Alan Sager, PH.D, of the Boston University School of Public Health believes this policy actually saves consumers money in the long run. “The drug makers set up these financial arrangements for their benefit, no ours.” he said.

Sager says the drug companies have a specific agenda. Their goal is to get patients to pressure doctors for brand name drugs, instead of cheaper generics.

“If we are enticed to a drug by a rebate or a discount, we are then on that drug and we are paying more and more each money each month, and our insurance is paying more each month,” he believes. “The premiums go up and we think that the employer is paying the premiums, but really most of that premium comes out of our paycheck.”

PUSH FOR DISCOUNT PRESCRIPTIONS

Representative Peter Koutoujian, a democrat from Waltham, disagrees. He is sponsoring a bill which would allow Massachusetts consumers to participate in these promotional deals. He says state law already requires doctors to prescribe generics if they exist, and that this bill could actually save money.
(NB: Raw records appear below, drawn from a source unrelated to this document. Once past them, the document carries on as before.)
(* There is a universal constant $c>0$ such that the following holds. Let $\Omega \subset \mathbb{R}^2$ be a connected domain and let $\varepsilon>0$ satisfy $\varepsilon \le |\Omega|^{1/2}/8$. Then $$ \left| \left\{x \in \mathbb{R}^2 \setminus \Omega: d(x, \Omega) \leq \varepsilon\right\} \right| \leq c \cdot \varepsilon \cdot |\partial \Omega|.$$
   Context: $|\Omega|$ and the left-hand side denote two-dimensional Lebesgue measure; $d(x,\Omega)$ is Euclidean distance from $x$ to $\Omega$; $|\partial\Omega|$ denotes the one-dimensional Hausdorff measure (length) of the boundary, with the convention $|\partial\Omega|=\infty$ if the boundary is not rectifiable. *)

theory Defs
  imports "HOL-Analysis.Analysis"
begin

text \<open>One-dimensional Hausdorff measure (normalised so that it agrees with length
  on rectifiable curves): the delta-premeasure is the infimum of the sums of diameters
  over countable covers by bounded sets of diameter at most delta; the measure is the
  supremum (= limit as delta goes to 0) of these.\<close>

definition hausdorff1_pre :: "real \<Rightarrow> 'a::metric_space set \<Rightarrow> ennreal" where
  "hausdorff1_pre \<delta> S =
     (INF C \<in> {C :: nat \<Rightarrow> 'a set. S \<subseteq> (\<Union>i. C i) \<and> (\<forall>i. bounded (C i) \<and> diameter (C i) \<le> \<delta>)}.
        (\<Sum>i. ennreal (diameter (C i))))"

definition hausdorff1 :: "'a::metric_space set \<Rightarrow> ennreal" where
  "hausdorff1 S = (SUP \<delta> \<in> {0<..}. hausdorff1_pre \<delta> S)"

end

theory Submission
  imports Defs
begin

text \<open>Cover \<open>\<partial>\<Omega>\<close> by sets \<open>C\<^sub>i\<close> of diameter at most \<open>\<epsilon>\<close> and tile the plane by squares \<open>Q\<close> of
  side \<open>2\<epsilon>\<close>, each with a concentric window \<open>T\<close> of side \<open>6\<epsilon>\<close>. Let \<open>B\<close> be the sum of
  \<open>2 diam C\<^sub>i\<close> over the \<open>C\<^sub>i\<close> meeting \<open>T\<close>, which bounds the measure of both coordinate
  projections of \<open>\<partial>\<Omega> \<inter> T\<close>. If \<open>B \<ge> \<epsilon>/2\<close>, then \<open>|Q| = 4\<epsilon>\<^sup>2 \<le> 8\<epsilon>B\<close>. Otherwise there are
  two vertical and two horizontal lines near the sides of \<open>T\<close> whose segments in \<open>T\<close> miss
  \<open>\<partial>\<Omega>\<close>. The rectangle they bound has area \<open>< 36\<epsilon>\<^sup>2 \<le> |\<Omega>|\<close> and meets \<open>\<Omega>\<close> near any point
  of the outer neighbourhood in \<open>Q\<close>, so the connected \<open>\<Omega>\<close> crosses its boundary and all four
  segments lie in \<open>\<Omega>\<close>. Every vertical segment of \<open>T\<close> missing \<open>\<partial>\<Omega>\<close> therefore lies in \<open>\<Omega>\<close>,
  so the outer neighbourhood in \<open>Q\<close> lies over the projection of \<open>\<partial>\<Omega> \<inter> T\<close> and has measure
  \<open>\<le> 2\<epsilon>B\<close>. Each \<open>C\<^sub>i\<close> meets at most 25 windows, so summing over \<open>Q\<close> gives the constant
  \<open>8 \<cdot> 2 \<cdot> 25 = 400\<close>.\<close>

definition outer_parallel_set :: "'a::metric_space set \<Rightarrow> real \<Rightarrow> 'a set" where
  "outer_parallel_set \<Omega> \<epsilon> = {x. x \<notin> \<Omega> \<and> infdist x \<Omega> \<le> \<epsilon>}"

definition square :: "real \<Rightarrow> real \<Rightarrow> real \<Rightarrow> (real^2) set" where
  "square h a b = cbox (vector [a, b]) (vector [a + h, b + h])"

definition vertical_segment :: "real \<Rightarrow> real \<Rightarrow> real \<Rightarrow> (real^2) set" where
  "vertical_segment u b1 b2 = cbox (vector [u, b1]) (vector [u, b2])"

definition horizontal_segment :: "real \<Rightarrow> real \<Rightarrow> real \<Rightarrow> (real^2) set" where
  "horizontal_segment v a1 a2 = cbox (vector [a1, v]) (vector [a2, v])"

lemma mem_cbox_vector2:
  fixes p :: "real^2"
  shows "p \<in> cbox (vector [a, b]) (vector [c, d]) \<longleftrightarrow> a \<le> p$1 \<and> p$1 \<le> c \<and> b \<le> p$2 \<and> p$2 \<le> d"
  by (auto simp: mem_box_cart forall_2)

lemma mem_box_vector2:
  fixes p :: "real^2"
  shows "p \<in> box (vector [a, b]) (vector [c, d]) \<longleftrightarrow> a < p$1 \<and> p$1 < c \<and> b < p$2 \<and> p$2 < d"
  by (auto simp: mem_box_cart forall_2)

lemma mem_square:
  "p \<in> square h a b \<longleftrightarrow> a \<le> p$1 \<and> p$1 \<le> a + h \<and> b \<le> p$2 \<and> p$2 \<le> b + h"
  by (simp add: square_def mem_cbox_vector2)

lemma mem_vertical_segment:
  "p \<in> vertical_segment u b1 b2 \<longleftrightarrow> p$1 = u \<and> b1 \<le> p$2 \<and> p$2 \<le> b2"
  by (auto simp: vertical_segment_def mem_cbox_vector2)

lemma mem_horizontal_segment:
  "p \<in> horizontal_segment v a1 a2 \<longleftrightarrow> p$2 = v \<and> a1 \<le> p$1 \<and> p$1 \<le> a2"
  by (auto simp: horizontal_segment_def mem_cbox_vector2)

lemma connected_vertical_segment: "connected (vertical_segment u b1 b2)"
  and connected_horizontal_segment: "connected (horizontal_segment v a1 a2)"
  by (simp_all add: vertical_segment_def horizontal_segment_def is_interval_connected)

lemma emeasure_cbox_vector2:
  assumes "a \<le> c" "b \<le> d"
  shows "emeasure lborel (cbox (vector [a, b]) (vector [c, d]) :: (real^2) set)
    = ennreal ((c - a) * (d - b))"
proof -
  have "(vector [a, b] :: real^2) \<in> cbox (vector [a, b]) (vector [c, d])"
    using assms by (simp add: mem_cbox_vector2)
  then have "cbox (vector [a, b]) (vector [c, d]) \<noteq> ({} :: (real^2) set)"
    by blast
  then show ?thesis
    by (simp add: emeasure_eq_measure2 content_cbox_cart UNIV_2)
qed

lemma connected_subset_or_disjoint_if_frontier_disjoint:
  assumes "connected S" "S \<inter> frontier \<Omega> = {}"
  shows "S \<subseteq> \<Omega> \<or> S \<inter> \<Omega> = {}"
  using connected_Int_frontier[OF assms(1), of \<Omega>] assms(2) by blast

lemma connected_subset_if_frontier_disjoint:
  assumes "connected \<Omega>" "connected L" "L \<inter> frontier \<Omega> = {}" "frontier R \<subseteq> L"
    and "\<Omega> \<inter> R \<noteq> {}" "\<not> \<Omega> \<subseteq> R"
  shows "L \<subseteq> \<Omega>"
proof -
  have "\<Omega> \<inter> frontier R \<noteq> {}"
    using connected_Int_frontier[OF assms(1)] assms(5,6) by blast
  then have "L \<inter> \<Omega> \<noteq> {}"
    using assms(4) by blast
  then show ?thesis
    using connected_subset_or_disjoint_if_frontier_disjoint[OF assms(2,3)] by blast
qed

lemma grid_segments_subset_domain:
  fixes \<Omega> :: "(real^2) set"
  assumes "connected \<Omega>"
    and u: "a1 \<le> u1" "u1 \<le> u2" "u2 \<le> a2" and v: "b1 \<le> v1" "v1 \<le> v2" "v2 \<le> b2"
    and avoid: "(vertical_segment u1 b1 b2 \<union> horizontal_segment v1 a1 a2 \<union>
      vertical_segment u2 b1 b2 \<union> horizontal_segment v2 a1 a2) \<inter> frontier \<Omega> = {}"
    and y: "y \<in> \<Omega>" "y \<in> cbox (vector [u1, v1]) (vector [u2, v2])"
    and escapes: "\<not> \<Omega> \<subseteq> cbox (vector [u1, v1]) (vector [u2, v2])"
  shows "horizontal_segment v1 a1 a2 \<subseteq> \<Omega>"
proof -
  let ?L = "vertical_segment u1 b1 b2 \<union> horizontal_segment v1 a1 a2 \<union>
    vertical_segment u2 b1 b2 \<union> horizontal_segment v2 a1 a2"
  have meet: "vector [u, v] \<in> vertical_segment u b1 b2 \<inter> horizontal_segment v a1 a2"
    if "a1 \<le> u" "u \<le> a2" "b1 \<le> v" "v \<le> b2" for u v
    using that by (simp add: mem_vertical_segment mem_horizontal_segment)
  have "connected ?L"
    using u v meet[of u1 v1] meet[of u2 v1] meet[of u1 v2]
    by (intro connected_Un connected_vertical_segment connected_horizontal_segment) auto
  moreover have "frontier (cbox (vector [u1, v1]) (vector [u2, v2])) \<subseteq> ?L"
    using u v by (auto simp: frontier_cbox mem_cbox_vector2 mem_box_vector2
        mem_vertical_segment mem_horizontal_segment)
  ultimately have "?L \<subseteq> \<Omega>"
    using connected_subset_if_frontier_disjoint[OF \<open>connected \<Omega>\<close> _ avoid _ _ escapes] y by blast
  then show ?thesis
    by blast
qed

lemma Ioo_not_subset_if_emeasure_less:
  assumes "A \<in> sets borel" "emeasure lborel A < ennreal (r - l)"
  shows "\<exists>u\<in>{l<..<r}. u \<notin> A"
proof (rule ccontr)
  assume "\<not> ?thesis"
  then have "emeasure lborel {l<..<r} \<le> emeasure lborel A"
    using assms(1) by (intro emeasure_mono) auto
  with assms(2) show False
    by (cases "l < r") (auto simp: ennreal_neg)
qed

lemma infdist_less_imp_dist_less:
  assumes "A \<noteq> {}" "infdist x A < r"
  obtains y where "y \<in> A" "dist x y < r"
proof -
  have "bdd_below (dist x ` A)"
    by (rule bdd_belowI[of _ 0]) auto
  then show ?thesis
    using assms cINF_less_iff[of A "dist x" r] that by (auto simp: infdist_notempty)
qed

lemma exists_horizontal_segment_in_domain:
  fixes \<Omega> :: "(real^2) set"
  assumes "connected \<Omega>" "\<epsilon> > 0" and big: "ennreal ((8 * \<epsilon>)\<^sup>2) \<le> emeasure lborel \<Omega>"
    and A1: "A1 \<in> sets borel" "emeasure lborel A1 < ennreal (\<epsilon> / 2)"
    and A2: "A2 \<in> sets borel" "emeasure lborel A2 < ennreal (\<epsilon> / 2)"
    and frontier_coords: "\<And>p. p \<in> frontier \<Omega> \<inter> square (6 * \<epsilon>) (a - 2 * \<epsilon>) (b - 2 * \<epsilon>) \<Longrightarrow>
      p$1 \<in> A1 \<and> p$2 \<in> A2"
    and y: "y \<in> \<Omega>"
      "y \<in> box (vector [a - 3 * \<epsilon> / 2, b - 3 * \<epsilon> / 2]) (vector [a + 7 * \<epsilon> / 2, b + 7 * \<epsilon> / 2])"
  shows "\<exists>v. b - 2 * \<epsilon> \<le> v \<and> v \<le> b + 4 * \<epsilon> \<and> horizontal_segment v (a - 2 * \<epsilon>) (a + 4 * \<epsilon>) \<subseteq> \<Omega>"
proof -
  have gap: "\<exists>u\<in>{l<..<l + \<epsilon> / 2}. u \<notin> A"
    if "A \<in> sets borel" "emeasure lborel A < ennreal (\<epsilon> / 2)" for A l
    using Ioo_not_subset_if_emeasure_less[OF that(1), of "l + \<epsilon> / 2" l] that(2) by simp
  obtain u1 u2 v1 v2 where
    u1: "u1 \<in> {a - 2 * \<epsilon><..<a - 2 * \<epsilon> + \<epsilon> / 2}" "u1 \<notin> A1" and
    u2: "u2 \<in> {a + 7 * \<epsilon> / 2<..<a + 7 * \<epsilon> / 2 + \<epsilon> / 2}" "u2 \<notin> A1" and
    v1: "v1 \<in> {b - 2 * \<epsilon><..<b - 2 * \<epsilon> + \<epsilon> / 2}" "v1 \<notin> A2" and
    v2: "v2 \<in> {b + 7 * \<epsilon> / 2<..<b + 7 * \<epsilon> / 2 + \<epsilon> / 2}" "v2 \<notin> A2"
    using gap[OF A1] gap[OF A2] by meson
  let ?R = "cbox (vector [u1, v1]) (vector [u2, v2]) :: (real^2) set"
  have "(vertical_segment u1 (b - 2 * \<epsilon>) (b + 4 * \<epsilon>) \<union>
      horizontal_segment v1 (a - 2 * \<epsilon>) (a + 4 * \<epsilon>) \<union>
      vertical_segment u2 (b - 2 * \<epsilon>) (b + 4 * \<epsilon>) \<union>
      horizontal_segment v2 (a - 2 * \<epsilon>) (a + 4 * \<epsilon>)) \<inter> frontier \<Omega> = {}"
    using u1 u2 v1 v2 frontier_coords
    by (fastforce simp: mem_vertical_segment mem_horizontal_segment mem_square)
  moreover have "y \<in> ?R"
    using y u1 u2 v1 v2 by (auto simp: mem_cbox_vector2 mem_box_vector2)
  moreover have "\<not> \<Omega> \<subseteq> ?R"
  proof
    assume "\<Omega> \<subseteq> ?R"
    then have "emeasure lborel \<Omega> \<le> emeasure lborel ?R"
      by (intro emeasure_mono) auto
    also have "\<dots> = ennreal ((u2 - u1) * (v2 - v1))"
      using u1 u2 v1 v2 \<open>\<epsilon> > 0\<close> by (intro emeasure_cbox_vector2) auto
    finally have "ennreal ((8 * \<epsilon>)\<^sup>2) \<le> ennreal ((u2 - u1) * (v2 - v1))"
      by (rule order_trans[OF big])
    then have "(8 * \<epsilon>)\<^sup>2 \<le> (u2 - u1) * (v2 - v1)"
      using u1 u2 v1 v2 \<open>\<epsilon> > 0\<close> by (subst (asm) ennreal_le_iff) auto
    moreover have "(u2 - u1) * (v2 - v1) \<le> (6 * \<epsilon>) * (6 * \<epsilon>)"
      using u1 u2 v1 v2 \<open>\<epsilon> > 0\<close> by (intro mult_mono) auto
    moreover have "0 < \<epsilon> * \<epsilon>"
      using \<open>\<epsilon> > 0\<close> by simp
    ultimately show False
      by (simp add: power2_eq_square)
  qed
  ultimately have "horizontal_segment v1 (a - 2 * \<epsilon>) (a + 4 * \<epsilon>) \<subseteq> \<Omega>"
    using u1 u2 v1 v2 \<open>\<epsilon> > 0\<close>
    by (intro grid_segments_subset_domain[OF \<open>connected \<Omega>\<close> _ _ _ _ _ _ _ y(1)]) auto
  then show ?thesis
    using v1 \<open>\<epsilon> > 0\<close> by (intro exI[of _ v1]) auto
qed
“If people aren’t taking their drugs because they can’t afford to take it each month, they have many more problems,” he said. “They have to see their physician. They have to visit the emergency room. They have to stay in the hospital, so costs of these patients skyrockets out of control.”

And speaking of control, Mary would like to have a little more of that when it comes to making her own health care choices. “I’m a big girl, “she said. “There are a lot of people out there who can take care of themselves.”

Although coupons and rebates are not allowed in Massachusetts, free samples are considered OK.